Ей так и не довелось узнать его реакцию на эту весть, потому что к Саймону подошла очень экспансивная дамочка с альбомом и попросила дать автограф для ее дочери, которая учится в колледже изобразительных искусств в Челси. Саймон подписался и улыбнулся ей, он был чрезвычайно любезен. Оба заказали ризотто и телятину, и Гарриет пришлось признать, что еда очень вкусная. «Фраскати» тоже было вкусным, «Кьянти» ни в чем ему не уступало. Гарриет уже начала представлять, что было бы, если б она позвонила Саймону в те далекие дни после Марка и перед Отто, и вышла бы за него, а не за Франклина, как вдруг Саймон заявил, что ему надо кое о чем поговорить с ней. Что по этой причине и согласился на встречу, и пригласил ее в ресторан. Он хочет посоветоваться с Гарриет насчет одной идеи.
Прежде чем Саймон объяснил, о чем речь, в ресторан вошел и направился к их столику молодой человек, красивее которого Гарриет не видела уже много лет. Он был высоким, стройным, темноволосым, с чертами Давида Микеланджело и улыбкой Тома Круза; и сразу затмил Отто, Зака и Дилипа, не говоря уже о Тедди Грексе. Гарриет в голову пришла дикая мысль, что Саймон оказывает ей своего рода услугу из благодарности или просто из великодушия, знакомя с этим молодым человеком. Разочарование мгновенно прогнало эту мысль. То, как Саймон взял молодого человека за руку и посмотрел в его темные глаза, не оставляло места для сомнений.
– Гарриет, я собираюсь раскрыть истинное положение вещей. На следующей неделе у меня состоится пресс-конференция – представляешь? И я действительно хочу знать, что ты думаешь, ну, то есть насколько это правильно. Нет, не насколько правильны наши отношения, в этом я не сомневаюсь. Да, кстати, это Нейтан.
– Но ты же не был геем! – воскликнула Гарриет.
– Нет, не был. Или думал, что я не гей. Люди меняются с течением времени. – Тот снова посмотрел на Нейтана и любовно произнес: – Взгляни на него, с таким даже Казанова стал бы геем!
Они выпили немного шампанского. Гарриет испытывала досаду, хотя и не понимала почему, ведь Саймона она не хотела и по опыту знала, насколько безнадежно «подбивать клинья» к таким, как Нейтан.

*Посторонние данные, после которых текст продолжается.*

(* Let $T\in(0,\infty]$ and let $K(T),M(T)\in\Im_T$. If $M(T)\approx K(T)$, then for every Banach function space $\widetilde{X}(0,T)$, $$K(T)\mapsto\widetilde{X}(0,T)\iff M(T)\mapsto\widetilde{X}(0,T).$$
   Context: $\Im_T$ is the collection of cones $K(T)$ of nonnegative measurable functions on $(0,T)$ equipped with functionals $\rho_{K(T)}:K(T)\to[0,\infty)$ such that $h\in K(T),\alpha\ge0$ implies $\alpha h\in K(T)$ and $\rho_{K(T)}(\alpha h)=\alpha\rho_{K(T)}(h)$, and $\rho_{K(T)}(h)=0$ implies $h=0$ a.e. on $(0,T)$. Covering: $M(T)\prec K(T)$ if there exist $C_0=C_0(T)>0$ and $C_1=C_1(T)\in[0,\infty)$ with $C_1(\infty)=0$ such that for each $h_1\in M(T)$ there is $h_2\in K(T)$ with $\rho_{K(T)}(h_2)\le C_0\rho_{M(T)}(h_1)$ and $h_1(t)\le h_2(t)+C_1\rho_{M(T)}(h_1)$ for $t\in(0,T)$. $M(T)\approx K(T)$ means $M(T)\prec K(T)$ and $K(T)\prec M(T)$. Embedding: $M(T)\mapsto\widetilde{X}(0,T)$ means $M(T)\subset\widetilde{X}(0,T)$ and there is a constant $C>0$ with $\|h\|_{\widetilde{X}(0,T)}\le C\rho_{M(T)}(h)$ for all $h\in M(T)$. *)

theory Defs
  imports "HOL-Analysis.Analysis"
begin

definition Ioo0 :: "ereal \<Rightarrow> real set" where
  "Ioo0 T = {t. 0 < t \<and> ereal t < T}"

definition nonneg_meas :: "ereal \<Rightarrow> (real \<Rightarrow> real) \<Rightarrow> bool" where
  "nonneg_meas T f \<longleftrightarrow>
     f \<in> borel_measurable (restrict_space lebesgue (Ioo0 T)) \<and> (\<forall>t\<in>Ioo0 T. 0 \<le> f t)"

definition in_Im :: "ereal \<Rightarrow> (real \<Rightarrow> real) set \<Rightarrow> ((real \<Rightarrow> real) \<Rightarrow> real) \<Rightarrow> bool" where
  "in_Im T K \<rho> \<longleftrightarrow>
     (\<forall>h\<in>K. nonneg_meas T h \<and> 0 \<le> \<rho> h) \<and>
     (\<forall>h\<in>K. \<forall>\<alpha>::real. \<alpha> \<ge> 0 \<longrightarrow> (\<lambda>t. \<alpha> * h t) \<in> K \<and> \<rho> (\<lambda>t. \<alpha> * h t) = \<alpha> * \<rho> h) \<and>
     (\<forall>h\<in>K. \<rho> h = 0 \<longrightarrow> (AE t in lebesgue. t \<in> Ioo0 T \<longrightarrow> h t = 0))"

text \<open>Covering M(T) \<prec> K(T); the condition C_1(\<infinity>) = 0 means C_1 = 0 when T = \<infinity>.\<close>
definition covered :: "ereal \<Rightarrow> (real \<Rightarrow> real) set \<Rightarrow> ((real \<Rightarrow> real) \<Rightarrow> real)
    \<Rightarrow> (real \<Rightarrow> real) set \<Rightarrow> ((real \<Rightarrow> real) \<Rightarrow> real) \<Rightarrow> bool" where
  "covered T M \<rho>M K \<rho>K \<longleftrightarrow>
     (\<exists>C0 C1::real. C0 > 0 \<and> C1 \<ge> 0 \<and> (T = \<infinity> \<longrightarrow> C1 = 0) \<and>
        (\<forall>h1\<in>M. \<exists>h2\<in>K. \<rho>K h2 \<le> C0 * \<rho>M h1 \<and>
            (\<forall>t\<in>Ioo0 T. h1 t \<le> h2 t + C1 * \<rho>M h1)))"

definition equiv_cones :: "ereal \<Rightarrow> (real \<Rightarrow> real) set \<Rightarrow> ((real \<Rightarrow> real) \<Rightarrow> real)
    \<Rightarrow> (real \<Rightarrow> real) set \<Rightarrow> ((real \<Rightarrow> real) \<Rightarrow> real) \<Rightarrow> bool" where
  "equiv_cones T M \<rho>M K \<rho>K \<longleftrightarrow> covered T M \<rho>M K \<rho>K \<and> covered T K \<rho>K M \<rho>M"

text \<open>Banach function norm on (0,T) with Lebesgue measure (Bennett--Sharpley axioms P1--P5),
  defined on nonnegative measurable functions, with values in [0,\<infinity>].\<close>
definition function_norm :: "ereal \<Rightarrow> ((real \<Rightarrow> real) \<Rightarrow> ennreal) \<Rightarrow> bool" where
  "function_norm T \<rho> \<longleftrightarrow>
     \<comment> \<open>P1\<close>
     (\<forall>f. nonneg_meas T f \<longrightarrow> (\<rho> f = 0 \<longleftrightarrow> (AE t in lebesgue. t \<in> Ioo0 T \<longrightarrow> f t = 0))) \<and>
     (\<forall>f a. nonneg_meas T f \<longrightarrow> a \<ge> 0 \<longrightarrow> \<rho> (\<lambda>t. a * f t) = ennreal a * \<rho> f) \<and>
     (\<forall>f g. nonneg_meas T f \<longrightarrow> nonneg_meas T g \<longrightarrow> \<rho> (\<lambda>t. f t + g t) \<le> \<rho> f + \<rho> g) \<and>
     \<comment> \<open>P2\<close>
     (\<forall>f g. nonneg_meas T f \<longrightarrow> nonneg_meas T g \<longrightarrow>
        (AE t in lebesgue. t \<in> Ioo0 T \<longrightarrow> g t \<le> f t) \<longrightarrow> \<rho> g \<le> \<rho> f) \<and>
     \<comment> \<open>P3\<close>
     (\<forall>F f. (\<forall>n. nonneg_meas T (F n)) \<longrightarrow> nonneg_meas T f \<longrightarrow>
        (AE t in lebesgue. t \<in> Ioo0 T \<longrightarrow> incseq (\<lambda>n. F n t) \<and> (\<lambda>n. F n t) \<longlonglongrightarrow> f t) \<longrightarrow>
        (\<lambda>n. \<rho> (F n)) \<longlonglongrightarrow> \<rho> f) \<and>
     \<comment> \<open>P4\<close>
     (\<forall>E. E \<in> sets lebesgue \<longrightarrow> E \<subseteq> Ioo0 T \<longrightarrow> emeasure lebesgue E < \<infinity> \<longrightarrow>
        \<rho> (indicator E) < \<infinity>) \<and>
     \<comment> \<open>P5\<close>
     (\<forall>E. E \<in> sets lebesgue \<longrightarrow> E \<subseteq> Ioo0 T \<longrightarrow> emeasure lebesgue E < \<infinity> \<longrightarrow>
        (\<exists>C::real. C \<ge> 0 \<and> (\<forall>f. nonneg_meas T f \<longrightarrow>
           (\<integral>\<^sup>+ t\<in>E. ennreal (f t) \<partial>lebesgue) \<le> ennreal C * \<rho> f)))"

definition bfs_space :: "ereal \<Rightarrow> ((real \<Rightarrow> real) \<Rightarrow> ennreal) \<Rightarrow> (real \<Rightarrow> real) set" where
  "bfs_space T \<rho> = {f. f \<in> borel_measurable (restrict_space lebesgue (Ioo0 T)) \<and> \<rho> (\<lambda>t. \<bar>f t\<bar>) < \<infinity>}"

definition bfs_norm :: "((real \<Rightarrow> real) \<Rightarrow> ennreal) \<Rightarrow> (real \<Rightarrow> real) \<Rightarrow> ennreal" where
  "bfs_norm \<rho> f = \<rho> (\<lambda>t. \<bar>f t\<bar>)"

definition embeds :: "ereal \<Rightarrow> (real \<Rightarrow> real) set \<Rightarrow> ((real \<Rightarrow> real) \<Rightarrow> real)
    \<Rightarrow> ((real \<Rightarrow> real) \<Rightarrow> ennreal) \<Rightarrow> bool" where
  "embeds T M \<rho>M \<rho> \<longleftrightarrow> M \<subseteq> bfs_space T \<rho> \<and>
     (\<exists>C::real. C > 0 \<and> (\<forall>h\<in>M. bfs_norm \<rho> h \<le> ennreal (C * \<rho>M h)))"

end

theory Submission
  imports Defs
begin

text \<open>If M is covered by K, every h1 in M lies below h2 + C1 \<rho>M(h1) on (0,T) for some
  h2 in K, so by the lattice property and subadditivity of the function norm \<rho>
  we get \<rho>(h1) \<le> \<rho>(h2) + C1 \<rho>M(h1) \<rho>(\<chi>), where \<chi> is the indicator of (0,T).
  The first term is at most C C0 \<rho>M(h1) by the embedding of K; the second is a finite
  multiple of \<rho>M(h1), because either T < \<infinity> and \<rho>(\<chi>) < \<infinity> by axiom P4, or T = \<infinity> and
  C1 = 0. So M embeds whenever K does, and the covering in the other direction gives
  the converse.\<close>

lemma sets_lebesgue_Ioo0: "Ioo0 T \<in> sets lebesgue"
proof -
  have "Ioo0 T = {0<..} \<inter> ereal -` {..<T}"
    by (auto simp: Ioo0_def)
  moreover have "open (ereal -` {..<T})"
    by (intro continuous_open_vimage) (auto intro: continuous_on_ereal)
  ultimately have "open (Ioo0 T)"
    by auto
  then show ?thesis
    by simp
qed

lemma emeasure_Ioo0_finite:
  assumes "T \<noteq> \<infinity>"
  shows "emeasure lebesgue (Ioo0 T) < \<infinity>"
proof -
  have "Ioo0 T \<subseteq> {0..real_of_ereal T}"
    using assms by (cases T) (auto simp: Ioo0_def)
  then have "emeasure lebesgue (Ioo0 T) \<le> emeasure lebesgue {0..real_of_ereal T}"
    by (intro emeasure_mono) auto
  also have "\<dots> < \<infinity>"
    using emeasure_lborel_Icc_eq[of 0 "real_of_ereal T"] by simp
  finally show ?thesis .
qed

lemma nonneg_meas_const_indicator_Ioo0:
  assumes "c \<ge> 0"
  shows "nonneg_meas T (\<lambda>t. c * indicator (Ioo0 T) t)"
proof -
  have "(\<lambda>t. c * indicator (Ioo0 T) t) \<in> borel_measurable (restrict_space lebesgue (Ioo0 T))
      \<longleftrightarrow> (\<lambda>t. c) \<in> borel_measurable (restrict_space lebesgue (Ioo0 T))"
    by (rule measurable_cong) (auto simp: space_restrict_space)
  then show ?thesis
    using assms by (auto simp: nonneg_meas_def)
qed

lemma nonneg_meas_indicator_Ioo0: "nonneg_meas T (indicator (Ioo0 T))"
  using nonneg_meas_const_indicator_Ioo0[of 1 T] by simp

lemma nonneg_meas_abs: "nonneg_meas T f \<Longrightarrow> nonneg_meas T (\<lambda>t. \<bar>f t\<bar>)"
  by (auto simp: nonneg_meas_def intro: borel_measurable_abs)

lemma nonneg_meas_add: "nonneg_meas T f \<Longrightarrow> nonneg_meas T g \<Longrightarrow> nonneg_meas T (\<lambda>t. f t + g t)"
  by (auto simp: nonneg_meas_def intro: borel_measurable_add)

lemma in_Im_nonneg_meas: "in_Im T K \<rho>K \<Longrightarrow> h \<in> K \<Longrightarrow> nonneg_meas T h"
  and in_Im_nonneg: "in_Im T K \<rho>K \<Longrightarrow> h \<in> K \<Longrightarrow> 0 \<le> \<rho>K h"
  by (auto simp: in_Im_def)

lemma embeds_iff_bfs_norm_bound:
  assumes "in_Im T M \<rho>M"
  shows "embeds T M \<rho>M \<rho> \<longleftrightarrow> (\<exists>C>0. \<forall>h\<in>M. bfs_norm \<rho> h \<le> ennreal (C * \<rho>M h))"
proof -
  have "h \<in> bfs_space T \<rho>" if "h \<in> M" and "bfs_norm \<rho> h \<le> ennreal (C * \<rho>M h)" for h C
  proof -
    have "bfs_norm \<rho> h < \<infinity>"
      using order.strict_trans1[OF \<open>bfs_norm \<rho> h \<le> _\<close> ennreal_less_top] by simp
    moreover have "nonneg_meas T h"
      using assms \<open>h \<in> M\<close> by (rule in_Im_nonneg_meas)
    ultimately show ?thesis
      by (simp add: bfs_space_def bfs_norm_def nonneg_meas_def)
  qed
  then show ?thesis
    unfolding embeds_def by blast
qed

context
  fixes T :: ereal and \<rho> :: "(real \<Rightarrow> real) \<Rightarrow> ennreal"
  assumes norm: "function_norm T \<rho>"
begin

lemma function_norm_cmult:
  "nonneg_meas T f \<Longrightarrow> a \<ge> 0 \<Longrightarrow> \<rho> (\<lambda>t. a * f t) = ennreal a * \<rho> f"
  using norm by (simp add: function_norm_def)

lemma function_norm_add_le:
  "nonneg_meas T f \<Longrightarrow> nonneg_meas T g \<Longrightarrow> \<rho> (\<lambda>t. f t + g t) \<le> \<rho> f + \<rho> g"
  using norm by (simp add: function_norm_def)

lemma function_norm_mono:
  assumes "nonneg_meas T f" "nonneg_meas T g" "\<forall>t\<in>Ioo0 T. g t \<le> f t"
  shows "\<rho> g \<le> \<rho> f"
  using norm assms by (simp add: function_norm_def)

lemma bfs_norm_nonneg_meas: "nonneg_meas T f \<Longrightarrow> bfs_norm \<rho> f = \<rho> f"
  unfolding bfs_norm_def
  by (intro antisym function_norm_mono nonneg_meas_abs) (auto simp: nonneg_meas_def)

lemma function_norm_indicator_Ioo0_finite: "T \<noteq> \<infinity> \<Longrightarrow> \<rho> (indicator (Ioo0 T)) < \<infinity>"
  using norm sets_lebesgue_Ioo0 emeasure_Ioo0_finite by (simp add: function_norm_def)

lemma function_norm_le_add_const:
  assumes f: "nonneg_meas T f" and g: "nonneg_meas T g" and c: "c \<ge> 0"
    and le: "\<forall>t\<in>Ioo0 T. f t \<le> g t + c"
  shows "\<rho> f \<le> \<rho> g + ennreal c * \<rho> (indicator (Ioo0 T))"
proof -
  have const: "nonneg_meas T (\<lambda>t. c * indicator (Ioo0 T) t)"
    using c by (rule nonneg_meas_const_indicator_Ioo0)
  have "\<rho> f \<le> \<rho> (\<lambda>t. g t + c * indicator (Ioo0 T) t)"
    using le by (intro function_norm_mono nonneg_meas_add f g const) auto
  also have "\<dots> \<le> \<rho> g + \<rho> (\<lambda>t. c * indicator (Ioo0 T) t)"
    using g const by (rule function_norm_add_le)
  also have "\<rho> (\<lambda>t. c * indicator (Ioo0 T) t) = ennreal c * \<rho> (indicator (Ioo0 T))"
    using c nonneg_meas_indicator_Ioo0 by (simp add: function_norm_cmult)
  finally show ?thesis .
qed

lemma function_norm_indicator_Ioo0_scaled_finite:
  assumes c: "c \<ge> 0" and c_infty: "T = \<infinity> \<longrightarrow> c = 0"
  obtains r where "r \<ge> 0"
    and "\<And>a. a \<ge> 0 \<Longrightarrow> ennreal (c * a) * \<rho> (indicator (Ioo0 T)) = ennreal (r * a)"
proof (cases "T = \<infinity>")
  case True
  then show ?thesis
    using c_infty that[of 0] by simp
next
  case False
  then obtain R where "R \<ge> 0" and R: "\<rho> (indicator (Ioo0 T)) = ennreal R"
    using function_norm_indicator_Ioo0_finite[OF False] by (auto simp: less_top_ennreal)
  show ?thesis
  proof (rule that[of "c * R"])
    show "c * R \<ge> 0"
      using c \<open>R \<ge> 0\<close> by simp
    show "ennreal (c * a) * \<rho> (indicator (Ioo0 T)) = ennreal (c * R * a)" if "a \<ge> 0" for a
      using c \<open>R \<ge> 0\<close> that by (simp add: R ennreal_mult[symmetric] mult_ac)
  qed
qed

lemma embeds_if_covered:
  assumes K: "in_Im T K \<rho>K" and M: "in_Im T M \<rho>M"
    and cover: "covered T M \<rho>M K \<rho>K" and emb: "embeds T K \<rho>K \<rho>"
  shows "embeds T M \<rho>M \<rho>"
proof -
  obtain C0 C1 where C0: "C0 > 0" and C1: "C1 \<ge> 0" and C1_infty: "T = \<infinity> \<longrightarrow> C1 = 0"
    and cov: "\<forall>h1\<in>M. \<exists>h2\<in>K. \<rho>K h2 \<le> C0 * \<rho>M h1 \<and> (\<forall>t\<in>Ioo0 T. h1 t \<le> h2 t + C1 * \<rho>M h1)"
    using cover unfolding covered_def by blast
  obtain C where C: "C > 0" and emb_K: "\<forall>h\<in>K. bfs_norm \<rho> h \<le> ennreal (C * \<rho>K h)"
    using emb unfolding embeds_def by blast
  obtain r where "r \<ge> 0"
    and r: "\<And>a. a \<ge> 0 \<Longrightarrow> ennreal (C1 * a) * \<rho> (indicator (Ioo0 T)) = ennreal (r * a)"
    using function_norm_indicator_Ioo0_scaled_finite[OF C1 C1_infty] by blast
  define D where "D = C * C0 + r"
  have "D > 0"
    using C C0 \<open>r \<ge> 0\<close> by (simp add: D_def add_pos_nonneg)
  have bound: "bfs_norm \<rho> h1 \<le> ennreal (D * \<rho>M h1)" if "h1 \<in> M" for h1
  proof -
    obtain h2 where "h2 \<in> K" and \<rho>K_h2: "\<rho>K h2 \<le> C0 * \<rho>M h1"
      and h1_le: "\<forall>t\<in>Ioo0 T. h1 t \<le> h2 t + C1 * \<rho>M h1"
      using cov \<open>h1 \<in> M\<close> by blast
    have h1: "nonneg_meas T h1" and h2: "nonneg_meas T h2" and "0 \<le> \<rho>M h1"
      using \<open>h1 \<in> M\<close> \<open>h2 \<in> K\<close> K M by (auto intro: in_Im_nonneg_meas in_Im_nonneg)
    have "\<rho> h2 \<le> ennreal (C * C0 * \<rho>M h1)"
    proof -
      have "\<rho> h2 = bfs_norm \<rho> h2"
        using h2 by (simp add: bfs_norm_nonneg_meas)
      also have "\<dots> \<le> ennreal (C * \<rho>K h2)"
        using emb_K \<open>h2 \<in> K\<close> by blast
      also have "\<dots> \<le> ennreal (C * C0 * \<rho>M h1)"
        using \<rho>K_h2 C by (intro ennreal_leI) (simp add: mult.assoc)
      finally show ?thesis .
    qed
    moreover have "\<rho> h1 \<le> \<rho> h2 + ennreal (r * \<rho>M h1)"
      using function_norm_le_add_const[OF h1 h2 _ h1_le] C1 \<open>0 \<le> \<rho>M h1\<close> r by simp
    ultimately have "\<rho> h1 \<le> ennreal (C * C0 * \<rho>M h1) + ennreal (r * \<rho>M h1)"
      by (meson add_right_mono order_trans)
    also have "\<dots> = ennreal (D * \<rho>M h1)"
      using C C0 \<open>r \<ge> 0\<close> \<open>0 \<le> \<rho>M h1\<close> by (simp add: D_def distrib_right ennreal_plus)
    finally show ?thesis
      using h1 by (simp add: bfs_norm_nonneg_meas)
  qed
  show ?thesis
    using M bound \<open>D > 0\<close> by (auto simp: embeds_iff_bfs_norm_bound)
qed

end

theorem corollary4p1:
  fixes T :: ereal
    and K M :: "(real \<Rightarrow> real) set"
    and \<rho>K \<rho>M :: "(real \<Rightarrow> real) \<Rightarrow> real"
  assumes "0 < T"
    and "in_Im T K \<rho>K" and "in_Im T M \<rho>M"
    and "equiv_cones T M \<rho>M K \<rho>K"
  shows "\<forall>\<rho>::(real \<Rightarrow> real) \<Rightarrow> ennreal. function_norm T \<rho> \<longrightarrow>
           (embeds T K \<rho>K \<rho> \<longleftrightarrow> embeds T M \<rho>M \<rho>)"
  using embeds_if_covered[OF _ assms(2,3)] embeds_if_covered[OF _ assms(3,2)] assms(4)
  unfolding equiv_cones_def by blast

end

– Итак, я совершаю правильный шаг? – спросил у нее Саймон.
Гарриет так и подмывало ответить, что она не знает и что ей на это плевать. Но вместо этого с ее губ слетела фраза, впервые прочитанная тридцать лет назад. Она громко произнесла:
– Четырнадцать манвантар плюс одна крита получается одна кальпа.
– Что это значит, да или нет? – спросил Саймон.
– Это значит: делай как знаешь.
Он чувствовал, что расстроил ее, но не понимал, чем именно, и потому сказал единственное, что мог: что останется при своем решении. Гарриет язвительно заметила, что хотя бы будет что почитать в газетах и ей не терпится увидеть, как все это распишут в колонках сплетен. Ее охватило глубочайшее одиночество, чувство выключенности из жизни, при мысли, что придется одной добираться до дома, где Гарриет тоже никто не ждет, ей стало страшно.